> **Task item**
Say how many lines in the material below hold the word "gdist", and say nothing else.

> **Data to process**
lemma sd_ab_blocks_eq:
  "{sd_ab n (4 * k + j) | k j. 1 \<le> k \<and> k \<le> int n - 1 \<and> j \<in> {0, 1, 2, 3}} = {(i, 1::nat) | i. 4 \<le> i \<and> i < 4 * n}"
proof (intro set_eqI iffI)
  fix x assume "x \<in> {sd_ab n (4 * k + j) | k j. 1 \<le> k \<and> k \<le> int n - 1 \<and> j \<in> {0, 1, 2, 3}}"
  then obtain k j where k: "1 \<le> k" "k \<le> int n - 1" "j \<in> {0, 1, 2, 3}" "x = sd_ab n (4 * k + j)"
    by blast
  moreover have "0 \<le> j" "j \<le> 3"
    using k(3) by auto
  ultimately have "x = (nat (4 * k + j), 1)"
    by (simp add: sd_ab_nonneg)
  then show "x \<in> {(i, 1::nat) | i. 4 \<le> i \<and> i < 4 * n}"
    using k \<open>0 \<le> j\<close> by auto
next
  fix x assume "x \<in> {(i, 1::nat) | i. 4 \<le> i \<and> i < 4 * n}"
  then obtain i where i: "x = (i, 1)" "4 \<le> i" "i < 4 * n"
    by blast
  have "i = 4 * (i div 4) + i mod 4"
    by simp
  then have "int i = 4 * int (i div 4) + int (i mod 4)"
    by (metis of_nat_add of_nat_mult of_nat_numeral)
  then have x: "x = sd_ab n (4 * int (i div 4) + int (i mod 4))"
    using i by (subst sd_ab_nonneg) auto
  have "i mod 4 = 0 \<or> i mod 4 = 1 \<or> i mod 4 = 2 \<or> i mod 4 = 3"
    using mod_less_divisor[of 4 i] by linarith
  then have "int (i mod 4) \<in> {0, 1, 2, 3}"
    by auto
  then show "x \<in> {sd_ab n (4 * k + j) | k j. 1 \<le> k \<and> k \<le> int n - 1 \<and> j \<in> {0, 1, 2, 3}}"
    using i x by (intro CollectI exI[of _ "int (i div 4)"] exI[of _ "int (i mod 4)"]) auto
qed

lemma basis_even_eq_sd_basis:
  assumes "even n"
  shows "basis_even n = sd_basis n"
proof (intro set_eqI)
  obtain m where m: "n = 2 * m"
    using assms by (elim evenE)
  have half: "int n div 2 = int m" "m \<le> n"
    using m by simp_all
  fix x :: "nat \<times> nat"
  obtain q e where "x = (2 * q, e) \<or> x = (2 * q + 1, e)"
    by (metis oddE evenE prod.collapse)
  then show "x \<in> basis_even n \<longleftrightarrow> x \<in> sd_basis n"
    unfolding basis_even_def half(1) sd_a_evens_eq sd_a_odds_eq[OF half(2)] sd_ab_evens_eq sd_ab_odds_eq
    using m by (auto simp: sd_basis_def)
qed

lemma basis_odd_eq_sd_basis:
  assumes "odd n"
  shows "basis_odd n = sd_basis n"
proof (intro set_eqI)
  obtain m where m: "n = 2 * m + 1"
    using assms by (elim oddE)
  have half: "(int n - 1) div 2 = int m" "m \<le> n"
    using m by simp_all
  fix x :: "nat \<times> nat"
  obtain q e where "x = (2 * q, e) \<or> x = (2 * q + 1, e)"
    by (metis oddE evenE prod.collapse)
  moreover have "2 * q \<noteq> 6 * m + 3"
    using Suc_double_not_eq_double[of "3 * m + 1" q] by simp
  ultimately show "x \<in> basis_odd n \<longleftrightarrow> x \<in> sd_basis n"
    unfolding basis_odd_def half(1) sd_a_evens_eq sd_a_odds_eq[OF half(2)] sd_ab_blocks_eq
    using m by (auto simp: sd_basis_def)
qed
lemma radial_poly_pos_iff_Gamma':
  "(\<forall>s\<ge>0. 1 + q * s > 0 \<longrightarrow> radial_poly p q s > 0) \<longleftrightarrow> (p, q) \<in> Gamma'"
proof
  assume H: "\<forall>s\<ge>0. 1 + q * s > 0 \<longrightarrow> radial_poly p q s > 0"
  have "2*p + q > 0" using H[rule_format, of 0] unfolding radial_poly_def by simp
  then consider "q = 0" "p > 0" | "q < 0" | "q > 0" by linarith
  then show "(p, q) \<in> Gamma'"
    unfolding Gamma'_def Gamma_minus'_def Gamma_Z'_def
    by cases (use one_le_of_radial_poly_pos[OF H] Gamma_plus_of_radial_poly_pos[OF H] in auto)
qed (use radial_poly_pos_of_Gamma' in blast)

lemma orth_poly_pos_of_Gamma:
  assumes G: "(p, q) \<in> Gamma" and s: "s \<ge> 0" "1 + q * s > 0"
  shows "orth_poly p q s > 0"
proof -
  consider (minus) "p + q = 1" "q < 0" | (zero) "q = 0" "p > 0" "p \<le> 2"
    | (plus1) "-8 < p" "p \<le> -2" "q > lam p" | (plus2) "-2 \<le> p" "p \<le> 0" "2*p + q > 0"
    | (plus3) "0 \<le> p" "p \<le> 1" "q > 0"
    using G unfolding Gamma_def Gamma_minus_def Gamma_Z_def Gamma_plus_def by auto
  then show ?thesis
  proof cases
    case minus
    then have p: "p = 1 - q" by simp
    have "orth_poly p q s = (1 + q * s)*(2 + s - q)"
      unfolding orth_poly_def p by (simp add: power2_eq_square algebra_simps)
    then show ?thesis using s minus by simp
  next
    case zero
    then have "orth_poly p q s = p*(2-p) * s + 2*p"
      unfolding orth_poly_def by (simp add: power2_eq_square algebra_simps)
    moreover have "p*(2-p) * s \<ge> 0" using zero s by simp
    ultimately show ?thesis using zero by simp
  next
    case plus1
    have "lam p > 0" unfolding lam_def using plus1 by simp
    then have q: "q > 0" using plus1 by simp
    have "(p-2)^2*(8+p) = 32*(1-p) + p*(p+2)^2" by (simp add: power2_eq_square algebra_simps)
    also have "\<dots> \<le> 32*(1-p)" using plus1 by (simp add: mult_nonpos_nonneg)
    also have "\<dots> < 4*q*(8+p)" using plus1 less_lam_iff by simp
    finally have "(p-2)^2 < 4*q" using plus1 by simp
    then have "p^2 * ((p-2)^2 - 4*q) < 0" using plus1 by (simp add: mult_pos_neg)
    moreover have "(1+2*q-(1-p)^2)^2 - 4*q*(2*p+q) = p^2 * ((p-2)^2 - 4*q)"
      by (simp add: power2_eq_square algebra_simps)
    ultimately have "(1+2*q-(1-p)^2)^2 - 4*q*(2*p+q) < 0" by simp
    then show ?thesis unfolding orth_poly_def using quadratic_pos_of_discrim_neg q by simp
  next
    case plus2
    have "1 + 2*q - (1-p)^2 \<ge> (-p)*(2+p)" using plus2 by (simp add: power2_eq_square algebra_simps)
    moreover have "(-p)*(2+p) \<ge> 0" using plus2 by (intro mult_nonneg_nonneg) auto
    ultimately have "(1 + 2*q - (1-p)^2) * s \<ge> 0" using s by simp
    moreover have "q * s^2 \<ge> 0" using plus2 by simp
    ultimately show ?thesis unfolding orth_poly_def using plus2 by linarith
  next
    case plus3
    have "1 + 2*q - (1-p)^2 = 2*q + p*(2-p)" by (simp add: power2_eq_square algebra_simps)
    also have "\<dots> \<ge> 0" using plus3 by simp
    finally have "(1 + 2*q - (1-p)^2) * s \<ge> 0" using s by simp
    moreover have "q * s^2 \<ge> 0" using plus3 by simp
    ultimately show ?thesis unfolding orth_poly_def using plus3 by linarith
  qed
qed
(* Let $G$ be a connected graph with $n\ge2$ nodes and diameter $D$, with nonnegative integer loads, and run Algorithm 2. If the discrepancy of $G$ at the beginning of some round is $K\ge 2D$, then after that round the potential $p(G)$ has decreased by at least $K^2/(8D)$.
   Context: $G=(V,E)$ is an undirected connected graph, $n=|V|$, $D$ its diameter; each node $u$ holds an integer load $load(u)\ge 0$. $L_{max},L_{min}$ denote the current maximum and minimum load, the discrepancy is $K=L_{max}-L_{min}$, $L_{avg}$ the average load (invariant under transfers), and the potential is $p(G)=\sum_{u\in V}(load(u)-L_{avg})^2$. Algorithm 2 (single proposal, discrete) proceeds in synchronous rounds; in each round, using the loads at the start of the round: (1) every node $u$ having at least one neighbor $v$ with $load(v)\le load(u)-2$ picks the first neighbor $v$ (in a fixed order of its neighbors) maximizing $load(u)-load(v)$ and sends $v$ a proposal of value $p_{uv}=\lfloor (load(u)-load(v))/2\rfloor$; (2) every node that received at least one proposal accepts exactly one proposal of maximum value; (3) all accepted transfers are executed simultaneously (each accepted proposal $p_{wu}$ moves $p_{wu}$ from $w$ to $u$), and nodes report their new loads to neighbors. *)

theory Defs
  imports Complex_Main
begin

definition is_graph :: "'a set \<Rightarrow> ('a \<Rightarrow> 'a \<Rightarrow> bool) \<Rightarrow> bool" where
  "is_graph V E \<longleftrightarrow> finite V \<and> (\<forall>u v. E u v \<longrightarrow> u \<in> V \<and> v \<in> V) \<and>
     (\<forall>u v. E u v \<longrightarrow> E v u) \<and> (\<forall>u. \<not> E u u)"

definition walk :: "'a set \<Rightarrow> ('a \<Rightarrow> 'a \<Rightarrow> bool) \<Rightarrow> 'a \<Rightarrow> 'a \<Rightarrow> nat \<Rightarrow> bool" where
  "walk V E u v k \<longleftrightarrow> (\<exists>xs. length xs = Suc k \<and> hd xs = u \<and> last xs = v \<and> set xs \<subseteq> V \<and>
      (\<forall>i < k. E (xs ! i) (xs ! Suc i)))"

definition connected_graph :: "'a set \<Rightarrow> ('a \<Rightarrow> 'a \<Rightarrow> bool) \<Rightarrow> bool" where
  "connected_graph V E \<longleftrightarrow> (\<forall>u\<in>V. \<forall>v\<in>V. \<exists>k. walk V E u v k)"

definition gdist :: "'a set \<Rightarrow> ('a \<Rightarrow> 'a \<Rightarrow> bool) \<Rightarrow> 'a \<Rightarrow> 'a \<Rightarrow> nat" where
  "gdist V E u v = (LEAST k. walk V E u v k)"

definition diameter :: "'a set \<Rightarrow> ('a \<Rightarrow> 'a \<Rightarrow> bool) \<Rightarrow> nat" where
  "diameter V E = Max {gdist V E u v | u v. u \<in> V \<and> v \<in> V}"

definition nbr_order :: "'a set \<Rightarrow> ('a \<Rightarrow> 'a \<Rightarrow> bool) \<Rightarrow> ('a \<Rightarrow> 'a list) \<Rightarrow> bool" where
  "nbr_order V E nb \<longleftrightarrow> (\<forall>u\<in>V. distinct (nb u) \<and> set (nb u) = {v. E u v})"

(* Step (1): the neighbour u sends its proposal to, if any: the first neighbour
   (in the fixed order) maximizing l u - l v, provided some neighbour v has l v <= l u - 2. *)
definition target :: "('a \<Rightarrow> 'a list) \<Rightarrow> ('a \<Rightarrow> int) \<Rightarrow> 'a \<Rightarrow> 'a option" where
  "target nb l u =
     (if \<exists>v\<in>set (nb u). l v \<le> l u - 2
      then find (\<lambda>v. \<forall>w\<in>set (nb u). l u - l w \<le> l u - l v) (nb u)
      else None)"

definition pval :: "('a \<Rightarrow> int) \<Rightarrow> 'a \<Rightarrow> 'a \<Rightarrow> int" where
  "pval l u v = \<lfloor>real_of_int (l u - l v) / 2\<rfloor>"

(* Step (2): acc v = Some w means v accepts the proposal of w; acc v = None means
   v received no proposal. Any tie-breaking among maximum-value proposals is allowed. *)
definition valid_accept :: "'a set \<Rightarrow> ('a \<Rightarrow> 'a list) \<Rightarrow> ('a \<Rightarrow> int) \<Rightarrow> ('a \<Rightarrow> 'a option) \<Rightarrow> bool" where
  "valid_accept V nb l acc \<longleftrightarrow>
     (\<forall>v\<in>V. (acc v \<noteq> None \<longleftrightarrow> (\<exists>u\<in>V. target nb l u = Some v)) \<and>
        (\<forall>w. acc v = Some w \<longrightarrow> w \<in> V \<and> target nb l w = Some v \<and>
             (\<forall>u\<in>V. target nb l u = Some v \<longrightarrow> pval l u v \<le> pval l w v)))"

definition round_step :: "('a \<Rightarrow> 'a list) \<Rightarrow> ('a \<Rightarrow> int) \<Rightarrow> ('a \<Rightarrow> 'a option) \<Rightarrow> 'a \<Rightarrow> int" where
  "round_step nb l acc x =
     l x + (case acc x of Some w \<Rightarrow> pval l w x | None \<Rightarrow> 0)
         - (case target nb l x of Some v \<Rightarrow> (if acc v = Some x then pval l x v else 0) | None \<Rightarrow> 0)"

definition avg_load :: "'a set \<Rightarrow> ('a \<Rightarrow> int) \<Rightarrow> real" where
  "avg_load V l = (\<Sum>u\<in>V. real_of_int (l u)) / real (card V)"

definition potential :: "'a set \<Rightarrow> ('a \<Rightarrow> int) \<Rightarrow> real" where
  "potential V l = (\<Sum>u\<in>V. (real_of_int (l u) - avg_load V l)\<^sup>2)"

definition discrepancy :: "'a set \<Rightarrow> ('a \<Rightarrow> int) \<Rightarrow> int" where
  "discrepancy V l = Max (l ` V) - Min (l ` V)"

end

theory Submission
  imports Defs
begin

text \<open>
  Every accepted transfer of \<open>p = \<lfloor>(l w - l v)/2\<rfloor>\<close> from \<open>w\<close> to \<open>v\<close> lowers the sum of squares
  by \<open>2 p (l w - l v - p) \<ge> (l w - l v)\<^sup>2/2 - O(1)\<close>; a node that both sends and receives only
  does better, and the sum of loads is preserved, so the potential drops by at least the sum of
  these gains. Let \<open>m\<^sub>j\<close> be the minimum load within distance \<open>j\<close> of a maximally loaded node, and
  \<open>\<epsilon>\<^sub>j = m\<^sub>j - m\<^sub>j\<^sub>+\<^sub>1\<close>, so that \<open>\<Sum>\<^sub>j\<^sub><\<^sub>D \<epsilon>\<^sub>j = K\<close>. If \<open>\<epsilon>\<^sub>j \<ge> 2\<close>, a node of load \<open>m\<^sub>j\<^sub>+\<^sub>1\<close> has a
  neighbour of load at least \<open>m\<^sub>j\<close>, whose proposal goes to a node of load \<open>m\<^sub>j\<^sub>+\<^sub>1\<close>; that node
  accepts a proposal at least as large, with gain at least \<open>\<epsilon>\<^sub>j\<^sup>2/8\<close>. These receivers are distinct
  for distinct \<open>j\<close>, and since \<open>K \<ge> 2D\<close> convexity gives \<open>\<Sum>\<^bsub>\<epsilon>\<^sub>j \<ge> 2\<^esub> \<epsilon>\<^sub>j\<^sup>2 \<ge> K\<^sup>2/D\<close>.
\<close>

lemma pval_eq_div: "pval l u v = (l u - l v) div 2"
  unfolding pval_def using floor_divide_of_int_eq[of "l u - l v" 2] by simp

lemma target_SomeD:
  assumes "target nb l u = Some t"
  shows "t \<in> set (nb u) \<and> l t \<le> l u - 2 \<and> (\<forall>w\<in>set (nb u). l t \<le> l w)"
proof -
  have ex: "\<exists>v\<in>set (nb u). l v \<le> l u - 2"
    using assms unfolding target_def by (auto split: if_splits)
  then have "find (\<lambda>v. \<forall>w\<in>set (nb u). l u - l w \<le> l u - l v) (nb u) = Some t"
    using assms unfolding target_def by auto
  then have "t \<in> set (nb u) \<and> (\<forall>w\<in>set (nb u). l u - l w \<le> l u - l t)"
    unfolding find_Some_iff by auto
  with ex show ?thesis by force
qed

lemma target_neq_None:
  assumes "v \<in> set (nb u)" and "l v \<le> l u - 2"
  shows "target nb l u \<noteq> None"
proof -
  have "Min (l ` set (nb u)) \<in> l ` set (nb u)" using assms(1) by (intro Min_in) auto
  then obtain m where m: "m \<in> set (nb u)" "l m = Min (l ` set (nb u))" by auto
  then have "\<forall>w\<in>set (nb u). l u - l w \<le> l u - l m" by simp
  then have "find (\<lambda>v. \<forall>w\<in>set (nb u). l u - l w \<le> l u - l v) (nb u) \<noteq> None"
    using m(1) unfolding find_None_iff by blast
  then show ?thesis using assms unfolding target_def by auto
qed

lemma target_edge:
  assumes "nbr_order V E nb" and "u \<in> V" and "target nb l u = Some t"
  shows "E u t"
  using assms target_SomeD[OF assms(3)] unfolding nbr_order_def by auto

lemma accepted_targetD:
  assumes "valid_accept V nb l acc" and "v \<in> V" and "acc v = Some w"
  shows "w \<in> V \<and> target nb l w = Some v"
  using assms unfolding valid_accept_def by auto

(* (l w - p)^2 + (l v + p)^2 = l w^2 + l v^2 - 2 p (l w - l v - p) for the transfer p accepted by v *)
definition transfer_gain :: "('a \<Rightarrow> int) \<Rightarrow> ('a \<Rightarrow> 'a option) \<Rightarrow> 'a \<Rightarrow> int" where
  "transfer_gain l acc v =
     (case acc v of Some w \<Rightarrow> 2 * pval l w v * (l w - l v - pval l w v) | None \<Rightarrow> 0)"

lemma accepted_load_gap:
  assumes "valid_accept V nb l acc" and "v \<in> V" and "acc v = Some w"
  shows "l v \<le> l w - 2"
  using target_SomeD[of nb l w v] accepted_targetD[OF assms] by simp

lemma transfer_gain_nonneg:
  assumes "valid_accept V nb l acc" and "v \<in> V"
  shows "transfer_gain l acc v \<ge> 0"
  using accepted_load_gap[OF assms] unfolding transfer_gain_def
  by (cases "acc v") (simp_all add: pval_eq_div)

section \<open>Effect of a round on the potential\<close>

lemma sum_case_option_eq_sum_if:
  fixes g :: "'a \<Rightarrow> 'b \<Rightarrow> 'c::comm_monoid_add"
  assumes "finite B" and "\<And>x y. x \<in> A \<Longrightarrow> f x = Some y \<Longrightarrow> y \<in> B"
  shows "(\<Sum>x\<in>A. case f x of Some y \<Rightarrow> g x y | None \<Rightarrow> 0)
       = (\<Sum>x\<in>A. \<Sum>y\<in>B. if f x = Some y then g x y else 0)"
proof (rule sum.cong)
  fix x assume "x \<in> A"
  then show "(case f x of Some y \<Rightarrow> g x y | None \<Rightarrow> 0)
           = (\<Sum>y\<in>B. if f x = Some y then g x y else 0)"
    using assms by (cases "f x") simp_all
qed simp

lemma sum_sent_eq_sum_received:
  fixes F :: "'a \<Rightarrow> 'a \<Rightarrow> 'b::comm_monoid_add"
  assumes G: "is_graph V E" and NB: "nbr_order V E nb" and VA: "valid_accept V nb l acc"
  shows "(\<Sum>x\<in>V. case target nb l x of
            Some v \<Rightarrow> (if acc v = Some x then F x v else 0) | None \<Rightarrow> 0)
       = (\<Sum>v\<in>V. case acc v of Some w \<Rightarrow> F w v | None \<Rightarrow> 0)"
proof -
  have fin: "finite V" using G unfolding is_graph_def by simp
  have target_in: "v \<in> V" if "x \<in> V" "target nb l x = Some v" for x v
    using target_edge[OF NB that] G unfolding is_graph_def by blast
  have "(\<Sum>x\<in>V. case target nb l x of
            Some v \<Rightarrow> (if acc v = Some x then F x v else 0) | None \<Rightarrow> 0)
      = (\<Sum>x\<in>V. \<Sum>v\<in>V. if target nb l x = Some v then (if acc v = Some x then F x v else 0) else 0)"
    using sum_case_option_eq_sum_if[OF fin target_in] .
  also have "\<dots> = (\<Sum>x\<in>V. \<Sum>v\<in>V. if acc v = Some x then F x v else 0)"
    by (intro sum.cong refl) (use accepted_targetD[OF VA] in fastforce)
  also have "\<dots> = (\<Sum>v\<in>V. \<Sum>x\<in>V. if acc v = Some x then F x v else 0)"
    by (rule sum.swap)
  also have "\<dots> = (\<Sum>v\<in>V. case acc v of Some w \<Rightarrow> F w v | None \<Rightarrow> 0)"
    using sum_case_option_eq_sum_if[OF fin, of V acc "\<lambda>v w. F w v"] accepted_targetD[OF VA]
    by presburger
  finally show ?thesis .
qed

lemma round_step_sum:
  assumes "is_graph V E" and "nbr_order V E nb" and "valid_accept V nb l acc"
  shows "(\<Sum>x\<in>V. round_step nb l acc x) = (\<Sum>x\<in>V. l x)"
  using sum_sent_eq_sum_received[OF assms, of "pval l"]
  unfolding round_step_def by (simp add: sum.distrib sum_subtractf)

lemma square_add_diff_le:
  fixes x a b :: "'a::linordered_idom"
  assumes "0 \<le> a" and "0 \<le> b"
  shows "(x + a - b)\<^sup>2 \<le> x\<^sup>2 + (2 * x * a + a\<^sup>2) - (2 * x * b - b\<^sup>2)"
proof -
  have "(x + a - b)\<^sup>2 = x\<^sup>2 + (2 * x * a + a\<^sup>2) - (2 * x * b - b\<^sup>2) - 2 * (a * b)"
    by (simp add: power2_eq_square algebra_simps)
  then show ?thesis using assms by simp
qed
(* In the setting of the context (with $B\sim_{\mathbb Q}2\mathcal L$), let $N_{m,j}=\dim W_{m,j}$ and $N_m=\sum_{j=0}^{2m}N_{m,j}$. Let $a_{m,j}=j-m$ if $m<j\le 2m$ and $a_{m,j}=0$ otherwise, and set \[ a_m=\frac{1}{mN_m}\sum_{j=0}^{2m}N_{m,j}a_{m,j}. \] This is the coefficient of $B$ in the fixed part of any $m$-basis type $\mathbb Q$-divisor of $W_{\bullet,\bullet}$. Then \[ \lim_{m\to\infty}a_m=a(n,r):=\frac{r^{n+1}-(r-1)^{n+1}-(n+1)(r-1)^n}{2(n+1)(r^n-(r-1)^n)}. \]
   Context: Work over $\mathbb C$. $V$ is a smooth Fano variety of dimension $n-1\ge1$, $\mathcal L$ is an ample line bundle with $r\mathcal L\sim_{\mathbb Q}-K_V$ ($r>1$ rational), and $B\subset V$ is a smooth effective divisor with $B\sim_{\mathbb Q}2\mathcal L$. $X=\mathbb P_V(\mathcal L\oplus\mathcal O_V)$, with $\mathbb P^1$-bundle projection $\phi:X\to V$. It has two disjoint sections: $V_0$, with normal bundle $\mathcal L^{-1}$, and $V_\infty$, with normal bundle $\mathcal L$. $B_\infty\subset V_\infty$ is the image of $B$, $Y=\mathrm{Bl}_{B_\infty}X$, and $\overline V_\infty\cong V$ is the strict transform of $V_\infty$. For $m\ge1$, $j\ge0$, $W_{m,j}$ is the image of the restriction map $H^0(Y,-mK_Y-j\overline V_\infty)\to H^0(\overline V_\infty,(-mK_Y-j\overline V_\infty)|_{\overline V_\infty})$. Its movable part is $H^0(V,(mr-|m-j|)\mathcal L)$ for $0\le j\le 2m$, and $W_{m,j}=0$ for $j>2m$. An $m$-basis type $\mathbb Q$-divisor of $W_{\bullet,\bullet}$ is $\frac{1}{mN_m}\sum_j\Delta_{m,j}$, where each $\Delta_{m,j}$ is the sum of the divisors of a basis of $W_{m,j}$. *)

theory Defs
  imports Complex_Main
begin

> **Solution to this problem**
3